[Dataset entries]

(* Assume (A1) and (H1), let $\lambda>1$, let $(X,\nu,\eta)$ be the solution of the fluid equations with arrival rate $\lambda$ and initial condition $(X(0),\nu_0,\eta_0)\in\bar{\mathcal S}_0$, and let $\theta_t$ be as in the context. Then $\sup_{t\ge0}\langle h^s,\theta_t\rangle\le c_h$, $\int_0^\infty\langle h^s,\theta_t\rangle\,dt<\infty$, and $\int_0^\infty\big|\langle h^s,\theta_t\rangle\log\langle h^s,\theta_t\rangle\big|\,dt<\infty$ (with $0\log0=0$).
   Context: Standing assumption (A1): $G^s,G^r$ are cumulative distribution functions on $[0,\infty)$ with $G^s(0+)=G^r(0+)=0$, absolutely continuous with densities $g^s,g^r$. Write $\bar G^s=1-G^s$, $\bar G^r=1-G^r$, $H^s=\sup\{x\ge0:G^s(x)<1\}$, $H^r=\sup\{x\ge0:G^r(x)<1\}$, and hazard rates $h^s=g^s/\bar G^s$ on $[0,H^s)$, $h^r=g^r/\bar G^r$ on $[0,H^r)$. It is assumed that $\int_0^\infty\bar G^r(x)\,dx<\infty$, $\int_0^\infty\bar G^s(x)\,dx=\int_0^\infty xg^s(x)\,dx=1$, and that there exist $\bar H^s<H^s$ and $\bar H^r<H^r$ such that $h^s$ (resp. $h^r$) is a.e. equal to a function that is bounded or lower semicontinuous on $(\bar H^s,H^s)$ (resp. $(\bar H^r,H^r)$). Notation: $\mathcal M_F[0,H)$ is the set of finite nonnegative Borel measures on $[0,H)$; $\langle\psi,\mu\rangle=\int\psi\,d\mu$; $\mathbf 1$ is the constant function $1$; for $\mu\in\mathcal M_F[0,H)$, $F^\mu(x)=\mu[0,x]$ and $(F^\mu)^{-1}(y)=\inf\{x>0:F^\mu(x)\ge y\}$. State space: $\bar{\mathcal S}_0=\{(x,\nu,\eta)\in\mathbb R_+\times\mathcal M_F[0,H^s)\times\mathcal M_F[0,H^r):1-\langle\mathbf 1,\nu\rangle=[1-x]^+\}$. Fluid equations: Given $\lambda\ge0$ and $(X(0),\nu_0,\eta_0)\in\bar{\mathcal S}_0$, a càdlàg function $t\mapsto(X(t),\nu_t,\eta_t)$ is a solution of the fluid equations with arrival rate $\lambda$ and this initial condition if for all $t\ge0$: $S(t):=\int_0^t\langle h^r,\eta_s\rangle ds<\infty$ and $D(t):=\int_0^t\langle h^s,\nu_s\rangle ds<\infty$; for every $\varphi\in C^1_c([0,H^s)\times\mathbb R_+)$, $\langle\varphi(\cdot,t),\nu_t\rangle=\langle\varphi(\cdot,0),\nu_0\rangle+\int_0^t\langle\varphi_s(\cdot,s)+\varphi_x(\cdot,s),\nu_s\rangle ds-\int_0^t\langle h^s\varphi(\cdot,s),\nu_s\rangle ds+\int_0^t\varphi(0,s)\,dK(s)$, where $K(t)=\langle\mathbf 1,\nu_t\rangle-\langle\mathbf 1,\nu_0\rangle+D(t)$; for every $\varphi\in C^1_c([0,H^r)\times\mathbb R_+)$, $\langle\varphi(\cdot,t),\eta_t\rangle=\langle\varphi(\cdot,0),\eta_0\rangle+\int_0^t\langle\varphi_s(\cdot,s)+\varphi_x(\cdot,s),\eta_s\rangle ds-\int_0^t\langle h^r\varphi(\cdot,s),\eta_s\rangle ds+\lambda\int_0^t\varphi(0,s)\,ds$; $1-\langle\mathbf 1,\nu_t\rangle=[1-X(t)]^+$; $X(t)=X(0)+\lambda t-D(t)-R(t)$ with $R(t)=\int_0^t\int_0^{Q(s)}h^r((F^{\eta_s})^{-1}(y))\,dy\,ds$ and $Q(t)=X(t)-\langle\mathbf 1,\nu_t\rangle$; and $Q(t)\le\langle\mathbf 1,\eta_t\rangle$. (H1): $\varepsilon_h:=\operatorname{ess\,inf}_{x\ge0}h^s(x)>0$ and $c_h:=\operatorname{ess\,sup}_{x\ge0}h^s(x)<\infty$ (so $H^s=\infty$). $\theta_t\in\mathcal M_F[0,\infty)$ is defined by $\langle\psi,\theta_t\rangle=\int_{[0,\infty)}\frac{\bar G^s(x+t)}{\bar G^s(x)}\psi(x+t)\,\nu_0(dx)$ for bounded measurable $\psi$ and for $\psi=h^s$. *)

theory Defs
  imports "HOL-Probability.Probability"
begin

### Aim of the task
Please copy the line holding "theory Defs" and all lines after it to the end of the records, exactly, and nothing else.

### Reply to the task
theory Defs
  imports "HOL-Probability.Probability"
begin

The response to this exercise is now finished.